Decadencia
En las actuales condiciones, nuestra sociabilidad parece determinada por la ley del más fuerte.
En función de qué aspectos el egoísmo y la insensibilidad determinan la relación con nuestros iguales? ¿Son los bienes y servicios escasos los que configuran un escenario cuya fauna social resulta definida por el “sálvese quien pueda”? ¿Contribuye a esa situación el crecimiento de la población que hace que la escasez de recursos constituya un factor inescapable de un aparente retorno a una condición “salvaje” del ser humano?
La formulación de esas preguntas deriva de la observación y vivencia de un asunto preocupante que lastimosamente parece estar definiendo el sentido de la vida cotidiana en ciertos espacios de la ciudad, en donde la escasez de servicios determina la manifestación de las más aberrantes e irracionales actitudes de los habitantes de esta urbe paradójicamente llamada La Paz. Y es que con el aumento de la población en esta ciudad, que parece nunca haber estado preparada para crecer, el acceso equitativo a los servicios parece constituirse en un ideal cada vez más lejano, ya que, en las actuales condiciones, nuestra sociabilidad parece determinada por la ley del más fuerte, dicho en sentido literal y decadente.

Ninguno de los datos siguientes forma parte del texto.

lemma eigenfun_on_subset:
  assumes u: "eigenfun_on I f e u" and "finite I" "J \<subseteq> I"
    and vanish: "\<And>p. p \<in> I - J \<Longrightarrow> u p = 0"
  shows "eigenfun_on J f e u"
proof -
  have "(\<Sum>p'\<in>J. f p p' * u p') = (\<Sum>p'\<in>I. f p p' * u p')" for p
    using assms by (intro sum.mono_neutral_left) auto
  moreover have "\<exists>p\<in>J. u p \<noteq> 0" using u vanish unfolding eigenfun_on_def by blast
  ultimately show ?thesis using u \<open>J \<subseteq> I\<close> unfolding eigenfun_on_def by auto
qed

lemma norm_le_spectral_radius_index_mat:
  assumes "distinct ix" "eigenfun_on (set ix) f e u"
  shows "norm e \<le> spectral_radius (index_mat ix f)"
proof -
  have "eigenvalue (index_mat ix f) e" using assms eigenvalue_index_mat_iff by blast
  moreover have "ix \<noteq> []" using assms(2) by (auto simp: eigenfun_on_def)
  ultimately show ?thesis
    using spectral_radius_mem_max(2)[of "index_mat ix f" "length ix"]
    by (auto simp: index_mat_def spectrum_def)
qed

lemma spectral_radius_index_mat_lessI:
  assumes "distinct ix" "ix \<noteq> []"
    and "\<And>e u. eigenfun_on (set ix) f e u \<Longrightarrow> norm e < r"
  shows "spectral_radius (index_mat ix f) < r"
proof -
  have "index_mat ix f \<in> carrier_mat (length ix) (length ix)" by (simp add: index_mat_def)
  from spectral_radius_mem_max(1)[OF this] obtain e
    where "eigenvalue (index_mat ix f) e" "spectral_radius (index_mat ix f) = norm e"
    using assms(2) by (auto simp: spectrum_def)
  then show ?thesis using assms eigenvalue_index_mat_iff by metis
qed

text \<open>The Jacobian block of one species whose adults are absent; for d = 0 the three
  terms add up to the single entry G + s 0.\<close>

definition leslie :: "nat \<Rightarrow> real \<Rightarrow> (nat \<Rightarrow> real) \<Rightarrow> nat \<Rightarrow> nat \<Rightarrow> real" where
  "leslie d G s a a' =
     (if a = 0 \<and> a' = d then G else 0) + (if 0 < a \<and> a' = a - 1 then s (a - 1) else 0)
     + (if a = d \<and> a' = d then s d else 0)"

lemma leslie_row_sum:
  fixes u :: "nat \<Rightarrow> complex"
  assumes "a \<le> d"
  shows "(\<Sum>a'\<le>d. of_real (leslie d G s a a') * u a')
    = (if a = 0 then of_real G * u d else of_real (s (a - 1)) * u (a - 1))
      + (if a = d then of_real (s d) * u d else 0)"
proof -
  have delta: "(\<Sum>a'\<le>d. of_real (if P \<and> a' = k then c else 0) * u a')
      = (if P \<and> k \<le> d then of_real c * u k else 0)" for P k c
  proof -
    have "(\<Sum>a'\<le>d. of_real (if P \<and> a' = k then c else 0) * u a')
        = (\<Sum>a'\<le>d. if a' = k then (if P then of_real c * u k else 0) else 0)"
      by (rule sum.cong) auto
    then show ?thesis by simp
  qed
  show ?thesis
    using assms by (simp add: leslie_def distrib_right sum.distrib delta)
qed

lemma leslie_eigenvalue_norm_less_1:
  assumes eig: "eigenfun_on {..d} (\<lambda>a a'. of_real (leslie d G s a a')) ev u"
    and s: "\<And>a. a \<le> d \<Longrightarrow> 0 \<le> s a" and G: "0 \<le> G"
    and subcritical: "G * (\<Prod>a<d. s a) + s d < 1"
  shows "norm ev < 1"
proof (rule ccontr)
  assume "\<not> norm ev < 1"
  then have ev_ge: "1 \<le> norm ev" by simp
  then have ev0: "ev \<noteq> 0" by auto
  have row: "ev * u a = (if a = 0 then of_real G * u d else of_real (s (a - 1)) * u (a - 1))
      + (if a = d then of_real (s d) * u d else 0)" if "a \<le> d" for a
    using eig that leslie_row_sum[OF that, of G s u] unfolding eigenfun_on_def by auto
  have juvenile: "u a = of_real (G * (\<Prod>j<a. s j)) * u d / ev ^ (a + 1)" if "a < d" for a
    using that
  proof (induction a)
    case 0
    then show ?case using row[of 0] ev0 by (simp add: field_simps)
  next
    case (Suc a)
    then have "ev * u (Suc a) = of_real (s a) * u a" using row[of "Suc a"] by simp
    then show ?case using Suc ev0 by (simp add: field_simps)
  qed
  define C where "C = G * (\<Prod>j<d. s j)"
  have C_nonneg: "0 \<le> C" unfolding C_def using G s by (auto intro!: mult_nonneg_nonneg prod_nonneg)
  have "u d \<noteq> 0"
  proof
    assume "u d = 0"
    then have "u a = 0" if "a \<le> d" for a
      using juvenile that by (cases "a = d") auto
    then show False using eig unfolding eigenfun_on_def by auto
  qed
  have "ev * u d = of_real C * u d / ev ^ d + of_real (s d) * u d"
  proof (cases d)
    case 0
    then show ?thesis using row[of 0] by (simp add: C_def distrib_right)
  next
    case (Suc d')
    then show ?thesis using row[of d] juvenile[of d'] by (simp add: C_def field_simps)
  qed
  then have "(ev - of_real C / ev ^ d - of_real (s d)) * u d = 0"
    by (simp add: algebra_simps)
  then have "ev - of_real C / ev ^ d - of_real (s d) = 0"
    using \<open>u d \<noteq> 0\<close> by (simp only: mult_eq_0_iff) blast
  then have char_eq: "ev ^ d * (ev - of_real (s d)) = of_real C"
    using ev0 by (simp add: field_simps)
  have "C < norm ev - s d" using ev_ge subcritical unfolding C_def by linarith
  also have "\<dots> \<le> norm (ev - of_real (s d))"
    using norm_triangle_ineq2[of ev "of_real (s d)"] s[of d] by simp
  also have "\<dots> \<le> norm (ev ^ d * (ev - of_real (s d)))"
    using ev_ge by (simp add: norm_mult norm_power mult_le_cancel_right1 one_le_power)
  finally show False using char_eq C_nonneg by simp
qed

lemma set_cdm_idx: "set (cdm_idx m \<delta> S) = {(a, i). i < m \<and> i \<in> S \<and> a \<le> \<delta> i}"
  unfolding cdm_idx_def by (auto simp: image_iff simp del: upt_Suc)

lemma distinct_cdm_idx: "distinct (cdm_idx m \<delta> S)"
proof (induction m)
  case 0
  then show ?case by (simp add: cdm_idx_def)
next
  case (Suc m)
  have "cdm_idx (Suc m) \<delta> S
      = cdm_idx m \<delta> S @ (if m \<in> S then map (\<lambda>a. (a, m)) [0..<Suc (\<delta> m)] else [])"
    by (simp add: cdm_idx_def)
  then show ?case using Suc by (auto simp: set_cdm_idx distinct_map inj_on_def)
qed

lemma cdm_jac_mat_eq_index_mat:
  "cdm_jac_mat m \<delta> sig lam A q y S
    = index_mat (cdm_idx m \<delta> S) (\<lambda>p p'. of_real (cdm_jac m \<delta> sig lam A q y p p'))"
  by (simp add: cdm_jac_mat_def index_mat_def Let_def)

lemma deriv0_eqI: "DERIV f 0 :> D \<Longrightarrow> deriv0 f = D"
  unfolding deriv0_def by (rule some_equality) (auto intro: DERIV_unique)

lemma DERIV_coordinate_update:
  "DERIV (\<lambda>t. (y(c := y c + t)) p) 0 :> (if p = c then 1 else 0)"
  by (cases "p = c") (auto intro!: derivative_eq_intros)

lemma cdm_G_coordinate_update_differentiable:
  assumes "0 < q i" "0 \<le> (\<Sum>k<m. A i k * y (\<delta> k, k))"
  shows "\<exists>D. DERIV (\<lambda>t. cdm_G m lam A q i (cdm_adults \<delta> (y(c := y c + t)))) 0 :> D"
proof -
  define S where "S t = (\<Sum>k<m. A i k * (y(c := y c + t)) (\<delta> k, k))" for t
  have dS: "DERIV S 0 :> (\<Sum>k<m. A i k * (if (\<delta> k, k) = c then 1 else 0))"
    unfolding S_def by (intro DERIV_sum DERIV_cmult DERIV_coordinate_update)
  have "0 \<le> S 0 / q i"
    using assms unfolding S_def by simp
  then have "1 + S 0 / q i \<noteq> 0" by linarith
  with DERIV_divide[OF DERIV_const DERIV_add[OF DERIV_const DERIV_cdivide[OF dS]]]
  show ?thesis unfolding cdm_G_def cdm_adults_def S_def[symmetric] by blast
qed

lemma cdm_jac_extinct:
  assumes "i < m" and extinct: "y (\<delta> i, i) = 0" and "0 < q i"
    and "0 \<le> (\<Sum>k<m. A i k * y (\<delta> k, k))" and a: "a \<le> \<delta> i"
  shows "cdm_jac m \<delta> sig lam A q y (a, i) (a', i')
    = (if i' = i then leslie (\<delta> i) (cdm_G m lam A q i (cdm_adults \<delta> y)) (\<lambda>a. sig a i) a a' else 0)"
proof -
  define c where "c = (a', i')"
  define Y where "Y t = y(c := y c + t)" for t
  define g where "g t = cdm_G m lam A q i (cdm_adults \<delta> (Y t))" for t
  obtain Dg where Dg: "DERIV g 0 :> Dg"
    using cdm_G_coordinate_update_differentiable
        [where y = y and \<delta> = \<delta> and A = A and q = q and c = c, OF assms(3,4)]
    unfolding g_def Y_def by blast
  have dY: "DERIV (\<lambda>t. Y t p) 0 :> (if p = c then 1 else 0)" for p
    unfolding Y_def by (rule DERIV_coordinate_update)
  have Y0: "Y 0 = y" unfolding Y_def by simp
  have h: "cdm_h m \<delta> sig lam A q (Y t) (a, i) =
      (if \<delta> i = 0 then sig 0 i * Y t (0, i) + g t * Y t (\<delta> i, i)
       else if a = 0 then g t * Y t (\<delta> i, i)
       else if a < \<delta> i then sig (a - 1) i * Y t (a - 1, i)
       else sig (a - 1) i * Y t (a - 1, i) + sig (\<delta> i) i * Y t (\<delta> i, i))" for t
    using a by (simp add: cdm_h_def g_def Let_def)
  \<comment> \<open>the term with the derivative of G is multiplied by the extinct adult density\<close>
  have "DERIV (\<lambda>t. cdm_h m \<delta> sig lam A q (Y t) (a, i)) 0
      :> (if i' = i then leslie (\<delta> i) (g 0) (\<lambda>a. sig a i) a a' else 0)"
    unfolding h using a extinct
    by (cases "\<delta> i = 0"; cases "a = 0"; cases "a < \<delta> i")
      (auto intro!: derivative_eq_intros Dg dY simp: Y0 c_def leslie_def)
  then show ?thesis
    unfolding cdm_jac_def using Y0 by (auto simp: Y_def c_def g_def dest: deriv0_eqI)
qed

lemma invasion_failure_imp_subcritical:
  fixes l P s x :: real
  assumes "s < 1" "0 \<le> x" "(l * P - (1 - s)) / (1 - s) < x"
  shows "l / (1 + x) * P + s < 1"
proof -
  have "l * P < (1 - s) * (1 + x)"
    using assms by (simp add: pos_divide_less_eq algebra_simps)
  then show ?thesis
    using assms by (simp add: field_simps)
qed
(* Let $G$ be an abelian group, $\phi\in\mathcal{P}^{\mathbb{H}}_*(G)$, and let $\mu$ be a nonnegative Radon measure on $G^\delta$ with $\phi(g)=\int_{G^\delta}\gamma(g)\,d\mu(\gamma)$ for all $g\in G$. Then $\mu$ is the unique nonnegative Radon measure with this property if and only if every nonzero $\nu\in\mathcal{K}(G^\delta)$ satisfies one of the following: (i) $\nu^-_2\neq0$; (ii) $\nu^-_2=0$ and the Radon–Nikodym derivative $d\nu^-_1/d\mu$ is not $\mu$-essentially bounded, where $\nu^-$ is the negative (lower) variation of $\nu$ and $\nu^-=\nu^-_1+\nu^-_2$ is its Lebesgue decomposition into a part $\nu^-_1$ absolutely continuous and a part $\nu^-_2$ singular with respect to $\mu$.
   Context: $\mathbb{H}$ is the real quaternion algebra, $\mathbb{S}=\{q\in\mathbb{H}:|q|=1\}$. For an abelian group $G$, $\phi:G\to\mathbb{H}$ is positive definite if for all $k$, $g_i\in G$, $q_i\in\mathbb{H}$, $\sum_{i,j=1}^k\overline{q_i}\,\phi(g_j-g_i)\,q_j$ is a nonnegative real number; $\mathcal{P}^{\mathbb{H}}_*(G)$ is the set of such $\phi$ with $\phi(0)=1$. $G^\delta=\mathrm{Hom}(G,\mathbb{S})$ with the topology of pointwise convergence (a compact Hausdorff space). $\mathcal{M}(G^\delta)$ is the space of finite signed real Radon measures on $G^\delta$, and $\mathcal{K}(G^\delta)=\{\nu\in\mathcal{M}(G^\delta):\int_{G^\delta}\gamma(g)\,d\nu(\gamma)=0\text{ for all }g\in G\}$. *)

theory Defs
  imports "HOL-Analysis.Analysis"
begin

text \<open>A quaternion a + b i + c j + d k is represented by the 4-tuple (a,b,c,d) of reals.
  Addition, the (Euclidean) norm and the topology are the ones of the product type;
  the Hamilton product and the conjugation are defined explicitly.\<close>

type_synonym quat = "real \<times> real \<times> real \<times> real"

fun qmult :: "quat \<Rightarrow> quat \<Rightarrow> quat" where
  "qmult (a1, b1, c1, d1) (a2, b2, c2, d2) =
     (a1*a2 - b1*b2 - c1*c2 - d1*d2,
      a1*b2 + b1*a2 + c1*d2 - d1*c2,
      a1*c2 - b1*d2 + c1*a2 + d1*b2,
      a1*d2 + b1*c2 - c1*b2 + d1*a2)"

Y el caso del transporte público es en ese sentido uno más de los muchos aspectos que se van develando como problemáticos. Baste referirse aquí a dos situaciones que por chabacanas no parecen ser circunstanciales. Las inmediaciones de la plaza Eguino, sobre todo a partir de las seis de la tarde, constituyen escenarios de apreciación de una conducta innoble de paceños desesperados por abordar un minibús. Pero la dilatada aparición de uno de estos despierta el instinto de cacería entre los desesperados, tanto que al producirse su arremolinamiento en las puertas del vehículo generan atroces escenas de pisoteo de mujeres, niños, personas mayores y de crédulos de su capacidad de resistencia, pero incapaces de soportar el empuje de la ola de voraces usuarios desesperados.
En el ámbito de la identificación de los culpables, resultaría natural demonizar a las autoridades encargadas de normar el transporte público, o a los choferes sin sentido de respeto por los paraderos, pero en esa escena aparecen los propios usuarios como carentes de un sentido de comunidad. Esto porque resulta que el tipo de escenas descritas no sólo parece estar relacionada con la escasez de un bien material, sino también extrañamente de uno inmaterial, pues resulta que en plena Nochebuena, a las puertas de la iglesia de San Francisco y antes de la Misa de Gallo, la gente abarrotada en sus puertas y con sus niños Jesús en la mano se precipitaba a la apertura de los portones a la caza de bendiciones, pisoteando también a personas adultas, mujeres y niños que tuvieron el infortunio de apostarse tempranamente en las puertas del templo. —“¡Pucha, levántense pues!”, fue la reacción del gentío, como en el caso del ejemplo anterior.
El problema, por tanto, es que en un escenario de escasez creciente de bienes y servicios, las normas y los valores que parecen también escasear develan que el respeto a los mismos ya no parecen depender únicamente de organismos dotados de poder coercitivo, sino también del propio sentido de comunidad del ser humano, pero que no parece existir en vista de la carencia de una cultura cívica y de normas de urbanidad que constituyen parte del problema estructural de la pobreza. Lo paradójico es que ese escenario de decadencia se encuentra en las inmediaciones de las instancias desde donde se pregonan cambios y se luchan contra ellos, aunque también parece encontrarse muy lejanamente de los operadores del aparato burocrático y sus agentes, que se relamen los labios con discursos comunitaristas, pero que también aparecen determinados por otro tipo de escasez y otro estado de decadencia.